Amici, lascio soltanto due parole di saluto in una settimana riempita dall'avvio dei due corsi tradizionali (finanza sulle lauree di primo livello) e dai preparativi del laboratorio di pianificazione finanziaria, il corso monstre che parte in ottobre.
Seguo la stampa, e si discute di temi che ci accompagneranno per molto tempo: Basilea 3, il dilemma su Scilla e Cariddi (inflazione e deflazione). Rispetto ai temi finanziari, cresce lo spazio delle crisi aziendali e occupazionali, ahimè. Sull'attualità, mi dispiace molto delle dimissioni di Alessandro Profumo. Mi spiace per le qualità rare della persona. Non ho sempre condiviso le scelte di Unicredit, quelle strategiche e soprattutto quelle commerciali della prima ondata (le tre banche di segmento), ma ho apprezzato la freschezza di visione, l'onestà di ammettere gli errori e cambiare rotta, il coraggio, la capacità di lanciare i giovani. E naturalmente l'essere un outsider rispetto ai centri decisionali interconnessi della finanza e della politica, che non è estraneo al suo allontanamento.
Le banche rimangono un tesoro molto ambito per chi sta sul ponte di comando, e intende allargarsi un po'. La privatizzazione sui generis uscita dalla legge Amato, basata sulle grandi fondazioni bancarie, ha forse completato il suo ciclo di vita. Tornerà a pesare di più la politica? O ha sempre pesato anche negli ultimi 25 anni? Siamo un paese tanto piccolo, è facile che le strade dei vari interessi si incrocino, e ci sia qualche scossa di assestamento, per fortuna non distruttiva.
Di salotti capisco poco, mi annoiano. Aspetto che si rimetta in movimento il "nostro" mondo, e spero che ci sia presto qualcosa di nuovo e positivo da raccontare.
Luca
3 commenti:
E' grave quello che è successo in Unicredit, soprattutto per la mancanza di una strategia chiara.
Con dei pretesti si è allontanato un amministratore veramente indipendente dalla politica (nonostante le simpatie, mai nascoste) per sacrificarlo ai piccoli ma forti interessi delle fondazioni (espressione degli enti locali) che a distanza di 20 anni dalla legge Amato - Ciampi, ancora pretendono di essere protagoniste dentro la gestione delle banche, cosa che non è contemplata nel nostro ordinamento, nonostante i proclami di Bossi (riprendiamoci le banche!).
La politica localistica di basso profilo ha vinto sugli interessi di una grande banca e di tutto il sistema economico italiano (una banca mal governata, e proprio dagli azionisti, non puo' servire al meglio i suoi clienti).
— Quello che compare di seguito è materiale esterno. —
(* Let $p=\sum_{i=0}^n c_iT^i$ be a polynomial of degree $n\ge1$ over $\mathbb S$ and let $a\in\{1,-1\}$ be a root of $p$. Define $l=\min\{i\in\mathbb N: c_i\ne0\}$ and $k=\min\{i\in\mathbb N: c_{i+1}=-a^{i+1-l}c_l\}$. Define $d_{n-1},\dots,d_0\in\mathbb S$ recursively in decreasing order of $i$ by: $d_i=c_{i+1}$ if $c_{i+1}\ne0$ and $i>k$; $d_i=ad_{i+1}$ if $c_{i+1}=0$ and $i>k$; $d_i=-a^{i+l-1}c_l$ if $l\le i\le k$; $d_i=0$ if $0\le i<l$. Then $q=\sum_{i=0}^{n-1}d_iT^i$ satisfies $p\in(T-a)\boxdot q$, i.e. $c_n=d_{n-1}$, $c_0=-ad_0$, and $c_i\in(-ad_i)\boxplus d_{i-1}$ for $i=1,\dots,n-1$.
   Context: The sign hyperfield $\mathbb S$ is $\{0,1,-1\}$ with the usual multiplication and hyperaddition $0\boxplus a=\{a\}$, $1\boxplus1=\{1\}$, $(-1)\boxplus(-1)=\{-1\}$, $1\boxplus(-1)=\{0,1,-1\}$. Iterated sums: $\boxplus_{i=1}^n a_i=\bigcup_{b\in\boxplus_{i=1}^{n-1}a_i} b\boxplus a_n$. Polynomials over $\mathbb S$ are finitely supported sequences $\sum c_iT^i$ of degree the largest $k$ with $c_k\ne0$; hyperproduct $p\boxdot q=\{\sum e_iT^i : e_i\in \boxplus_{k+l=i} c_kd_l\}$. An element $a\in\mathbb S$ is a root of $p=\sum c_iT^i$ if $0\in\boxplus_i c_ia^i$. *)

theory Defs
  imports Complex_Main
begin

text \<open>The sign hyperfield S = {0,1,-1}, modelled inside the reals
  (its multiplication is the usual one).\<close>

definition sgn_hf :: "real set" where
  "sgn_hf = {0, 1, -1}"

definition hplus :: "real \<Rightarrow> real \<Rightarrow> real set" where
  "hplus a b = (if a = 0 then {b} else if b = 0 then {a}
                else if a = b then {a} else {0, 1, -1})"

text \<open>Iterated hypersum of a list, left to right:
  the sum of a_1..a_n is the union over b in the sum of a_1..a_(n-1) of b hplus a_n.
  Starting from {0} is harmless since 0 hplus a = {a}.\<close>
definition hsum :: "real list \<Rightarrow> real set" where
  "hsum xs = foldl (\<lambda>S x. \<Union>b\<in>S. hplus b x) {0} xs"

text \<open>Polynomials over S as coefficient sequences nat => real (finitely supported,
  values in S). Hyperproduct of two polynomials.\<close>
definition hprod :: "(nat \<Rightarrow> real) \<Rightarrow> (nat \<Rightarrow> real) \<Rightarrow> (nat \<Rightarrow> real) set" where
  "hprod c d = {e. \<forall>i. e i \<in> hsum (map (\<lambda>j. c j * d (i - j)) [0..<Suc i])}"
Ancora una volta i campanili hanno vinto sulla razionalità.
L'Italia ha perso un'altra occasione per dimostrare di essere qualcosa di più di una mera espressione geografica (non a caso, le fondazioni hanno utilizzato lo straniero pur di fare i propri meschini interessi).
Diceva Bismarck: le banche sono troppo importanti per lasciarle in mano ai banchieri. Forse hanno vinto quelli che la pensano così.
Speriamo che i politici di varia provenienza e cabotaggio non combinino guai peggiori dei banchieri ad alta leva.
Anche i politici possono seguire varie scuole di pensiero. La posizione "no-global finance", attribuita a Tremonti, porta a maggiori interventi del pubblico nelle banche. Può essere usata a fin di bene (pensiamo a cosa è stato l'IMI per il finanziamento dell'industria, prima dei disastri tipo SIR).
Speriamo che i nuovi zar del credito siano persone di mente vigorosa e braccio inflessibile, perché c'è molto da studiare, tenendo a debita distanza gli incompetenti e gli ingordi.
Speriamo....(del resto la speranza è l'ultima a morire).